Climat de crispation dans les deux Chambres du Parlement : d’un côté le président de l’Assemblée nationale E. Boshab pique une sainte colère pour le constat de blocage des frais de fonctionnement de son institution, de l’autre le président du Sénat L. Kengo fait finalement adopter le budget 2010
La cérémonie de clôture de la session de septembre va se tenir « en famille », sans les habituels Invités qui lui confèrent la solennité. Ainsi en a décidé hier, le Président de la Chambre basse, Evariste Boshab, à la clôture de la plénière qui a adopté aussi bien la loi portant organisation et fonctionnement de la Commission électorale nationale indépendante (CENI) que celle autorisant l’adhésion de la RDC à l’OHADA.
Et pour cause. Sur un ton et dans une attitude de dépit, Boshab a pris cette décision en signe de protestation contre la diète dans laquelle la session de septembre s’est tenue. En effet, pendant trois mois, cette session capitale, qui a eu à examiner et adopter le projet de loi sur le budget de l’exercice 2009, s’est tenue sans frais de fonctionnement, confie un proche du speaker de la Chambre. Ni le bureau, ni les différentes commissions, moins encore les commissions spécifiques ou les équipes d’enquête qui ont eu à travailler, personne n’a bénéficié des moyens requis pour accomplir ses engagements.
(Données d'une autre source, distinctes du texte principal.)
(* Let $S$ be a semigroup and $a\in S$ an idempotent such that every element of $\{a\}\cup aSa$ has exactly one inverse in $S$. Then $\operatorname{Reg}(Sa)=P=aSa$, where $P=\{x\in Sa: x\,\mathscr L\,ax\}$, and this is an inverse monoid.
   Context: An inverse of $x\in S$ is $y\in S$ with $x=xyx$ and $y=yxy$. $\operatorname{Reg}(Sa)$ is the set of regular elements of the semigroup $Sa=\{xa:x\in S\}$; $aSa=\{axa:x\in S\}$. $\mathscr L$ is Green's $\mathscr L$-relation on $S$. A semigroup is inverse if every element has exactly one inverse in it. *)

theory Defs
  imports Main
begin

text \<open>The semigroup S is the whole carrier of a type of class semigroup_mult.\<close>

definition is_inverse :: "'a::semigroup_mult \<Rightarrow> 'a \<Rightarrow> bool" where
  "is_inverse x y \<longleftrightarrow> x = x * y * x \<and> y = y * x * y"

definition left_ideal1 :: "'a::semigroup_mult \<Rightarrow> 'a set" where
  "left_ideal1 x = insert x {u * x | u. True}"

definition greenL :: "'a::semigroup_mult \<Rightarrow> 'a \<Rightarrow> bool" where
  "greenL x y \<longleftrightarrow> left_ideal1 x = left_ideal1 y"

definition left_mult_set :: "'a::semigroup_mult \<Rightarrow> 'a set" where
  "left_mult_set a = {x * a | x. True}"

definition sandwich_set :: "'a::semigroup_mult \<Rightarrow> 'a set" where
  "sandwich_set a = {a * x * a | x. True}"

definition Reg :: "'a::semigroup_mult set \<Rightarrow> 'a set" where
  "Reg T = {x \<in> T. \<exists>y\<in>T. x = x * y * x}"

definition inverse_monoid_on :: "'a::semigroup_mult set \<Rightarrow> bool" where
  "inverse_monoid_on T \<longleftrightarrow>
     (\<forall>x\<in>T. \<forall>y\<in>T. x * y \<in> T) \<and>
     (\<exists>e\<in>T. \<forall>x\<in>T. e * x = x \<and> x * e = x) \<and>
     (\<forall>x\<in>T. \<exists>!y. y \<in> T \<and> is_inverse x y)"

end

theory Submission
  imports Defs
begin

text \<open>The heart of the proof is that an element \<open>x \<in> Sa\<close> with \<open>x \<in> S\<^sup>1ax\<close> already lies in
  \<open>aSa\<close>: choosing an inverse \<open>y\<close> of \<open>b = ax\<close> inside \<open>aSa\<close>, the element \<open>f = xy\<close> is an
  idempotent with \<open>fa = f\<close>, so \<open>af \<in> aSa\<close> has both \<open>af\<close> and \<open>f\<close> as inverses; uniqueness
  forces \<open>af = f\<close>, whence \<open>ax = afb = fb = x\<close>. Both regularity in \<open>Sa\<close> and
  \<open>x \<L> ax\<close> give \<open>x \<in> S\<^sup>1ax\<close>, and conversely every element of \<open>aSa\<close> has its unique
  inverse in \<open>aSa\<close>.\<close>

lemma is_inverse_idempotent: "e * e = e \<Longrightarrow> is_inverse e e"
  unfolding is_inverse_def by simp

lemma is_inverse_absorbing_idempotent:
  assumes "f * f = f" "f * a = f"
  shows "is_inverse (a * f) f"
  unfolding is_inverse_def using assms by (metis mult.assoc)

lemma left_mult_set_iff:
  assumes "a * a = a"
  shows "x \<in> left_mult_set a \<longleftrightarrow> x * a = x"
  using assms unfolding left_mult_set_def by (auto simp: mult.assoc) (metis)

lemma sandwich_set_iff:
  assumes "a * a = a"
  shows "x \<in> sandwich_set a \<longleftrightarrow> a * x = x \<and> x * a = x"
proof
  assume "x \<in> sandwich_set a"
  then obtain s where "x = a * s * a" unfolding sandwich_set_def by blast
  with assms show "a * x = x \<and> x * a = x" by (metis mult.assoc)
next
  assume "a * x = x \<and> x * a = x"
  then have "x = a * x * a" by simp
  then show "x \<in> sandwich_set a" unfolding sandwich_set_def by blast
qed

lemma sandwich_set_subset_left_mult_set: "sandwich_set a \<subseteq> left_mult_set a"
  unfolding sandwich_set_def left_mult_set_def by blast

lemma mult_mem_sandwich_set:
  "x \<in> sandwich_set a \<Longrightarrow> y \<in> sandwich_set a \<Longrightarrow> x * y \<in> sandwich_set a"
  unfolding sandwich_set_def by (auto simp: mult.assoc) (metis mult.assoc)

lemma left_ideal1_mult_regular:
  assumes "x \<in> left_ideal1 b" "b * y * b = b"
  shows "x * y * b = x"
  using assms unfolding left_ideal1_def by (auto simp: mult.assoc)

lemma unique_inverse_mem_sandwich_set:
  assumes idem: "a * a = a" and x: "x \<in> sandwich_set a"
    and uniq: "\<exists>!y. is_inverse x y" and y: "is_inverse x y"
  shows "y \<in> sandwich_set a"
proof -
  have ax: "a * x = x" and xa: "x * a = x" using x idem by (auto simp: sandwich_set_iff)
  have "is_inverse x (a * y * a)"
    using y unfolding is_inverse_def by (metis ax xa mult.assoc)
  with uniq y have "y = a * y * a" by blast
  then show ?thesis unfolding sandwich_set_def by blast
qed

context
  fixes a :: "'a::semigroup_mult"
  assumes idem: "a * a = a"
    and uniq: "\<forall>x \<in> sandwich_set a. \<exists>!y. is_inverse x y"
begin

lemma idempotent_left_absorbed:
  assumes "f * f = f" "f * a = f"
  shows "a * f = f"
proof -
  have "a * f \<in> sandwich_set a"
    using assms idem by (simp add: sandwich_set_iff) (metis mult.assoc)
  moreover have "is_inverse (a * f) (a * f)"
    using assms by (intro is_inverse_idempotent) (metis mult.assoc)
  ultimately show ?thesis
    using uniq is_inverse_absorbing_idempotent[OF assms] by blast
qed

lemma mem_sandwich_set_if_left_ideal1:
  assumes xa: "x * a = x" and xL: "x \<in> left_ideal1 (a * x)"
  shows "x \<in> sandwich_set a"
proof -
  define b where "b = a * x"
  have b: "b \<in> sandwich_set a"
    unfolding b_def using idem xa by (simp add: sandwich_set_iff) (metis mult.assoc)
  obtain y where y: "is_inverse b y" using uniq b by blast
  have ya: "y * a = y"
    using unique_inverse_mem_sandwich_set[OF idem b _ y] uniq b idem
    by (simp add: sandwich_set_iff)
  have xyb: "x * y * b = x"
    using left_ideal1_mult_regular xL y unfolding b_def is_inverse_def by metis
  define f where "f = x * y"
  have "f * f = f" "f * a = f"
    using xyb ya unfolding f_def b_def by (metis mult.assoc)+
  then have "a * f = f" by (rule idempotent_left_absorbed)
  then have "a * x = x"
    using xyb unfolding f_def b_def by (metis mult.assoc)
  with xa idem show ?thesis by (simp add: sandwich_set_iff)
qed

lemma Reg_left_mult_set_eq_sandwich_set: "Reg (left_mult_set a) = sandwich_set a"
proof
  show "Reg (left_mult_set a) \<subseteq> sandwich_set a"
  proof
    fix x assume "x \<in> Reg (left_mult_set a)"
    then obtain t where x: "x \<in> left_mult_set a" and "x = x * (t * a) * x"
      unfolding Reg_def left_mult_set_def by blast
    then have "x = (x * t) * (a * x)" by (simp add: mult.assoc)
    then have "x \<in> left_ideal1 (a * x)" unfolding left_ideal1_def by blast
    with x show "x \<in> sandwich_set a"
      using mem_sandwich_set_if_left_ideal1 idem by (simp add: left_mult_set_iff)
  qed
next
  show "sandwich_set a \<subseteq> Reg (left_mult_set a)"
  proof
    fix x assume x: "x \<in> sandwich_set a"
    then obtain y where y: "is_inverse x y" using uniq by blast
    then have "y \<in> sandwich_set a"
      using unique_inverse_mem_sandwich_set[OF idem x] uniq x by blast
    with x y show "x \<in> Reg (left_mult_set a)"
      using sandwich_set_subset_left_mult_set unfolding Reg_def is_inverse_def by blast
  qed
qed

lemma L_related_left_mult_set_eq_sandwich_set:
  "{x \<in> left_mult_set a. greenL x (a * x)} = sandwich_set a"
proof (intro equalityI subsetI)
  fix x assume "x \<in> {x \<in> left_mult_set a. greenL x (a * x)}"
  then have "x * a = x" and "left_ideal1 x = left_ideal1 (a * x)"
    using idem unfolding greenL_def by (auto simp: left_mult_set_iff)
  moreover have "x \<in> left_ideal1 x" unfolding left_ideal1_def by simp
  ultimately show "x \<in> sandwich_set a" using mem_sandwich_set_if_left_ideal1 by simp
next
  fix x assume "x \<in> sandwich_set a"
  then show "x \<in> {x \<in> left_mult_set a. greenL x (a * x)}"
    using idem unfolding greenL_def by (auto simp: sandwich_set_iff left_mult_set_iff)
qed

lemma inverse_monoid_on_sandwich_set: "inverse_monoid_on (sandwich_set a)"
  unfolding inverse_monoid_on_def
proof (intro conjI ballI)
  show "x * y \<in> sandwich_set a" if "x \<in> sandwich_set a" "y \<in> sandwich_set a" for x y
    using that by (rule mult_mem_sandwich_set)
  show "\<exists>e\<in>sandwich_set a. \<forall>x\<in>sandwich_set a. e * x = x \<and> x * e = x"
    using idem by (intro bexI[of _ a]) (auto simp: sandwich_set_iff)
  show "\<exists>!y. y \<in> sandwich_set a \<and> is_inverse x y" if x: "x \<in> sandwich_set a" for x
    using uniq x unique_inverse_mem_sandwich_set[OF idem x] by blast
qed

end

theorem theorem3p33:
  fixes a :: "'a::semigroup_mult"
  assumes idem: "a * a = a"
    and uniq: "\<forall>x \<in> insert a (sandwich_set a). \<exists>!y. is_inverse x y"
  defines "P \<equiv> {x \<in> left_mult_set a. greenL x (a * x)}"
  shows "Reg (left_mult_set a) = P \<and> P = sandwich_set a \<and> inverse_monoid_on (sandwich_set a)"
proof -
  have "\<forall>x \<in> sandwich_set a. \<exists>!y. is_inverse x y" using uniq by blast
  then show ?thesis
    unfolding P_def
    using Reg_left_mult_set_eq_sandwich_set[OF idem] L_related_left_mult_set_eq_sandwich_set[OF idem]
      inverse_monoid_on_sandwich_set[OF idem]
    by simp
qed

end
Cet état de choses a été de nature à émousser l’efficacité générale et le rendement de l’Assemblée nationale en cette période cruciale de la vie nationale. Impensable, ont affirmé nombre de députés et cadres de l’administration du Parlement. Le dépit de Boshab et des autres élus du peuple était proportionnel à la quantité et la qualité du travail abattu entre septembre et décembre 2009. Heureusement, a-t-on constaté, les élus du peuple ont choisi de s’acquitter dignement de leur tâche... autant que possible, au regard des grands enjeux qui l’ont émaillé.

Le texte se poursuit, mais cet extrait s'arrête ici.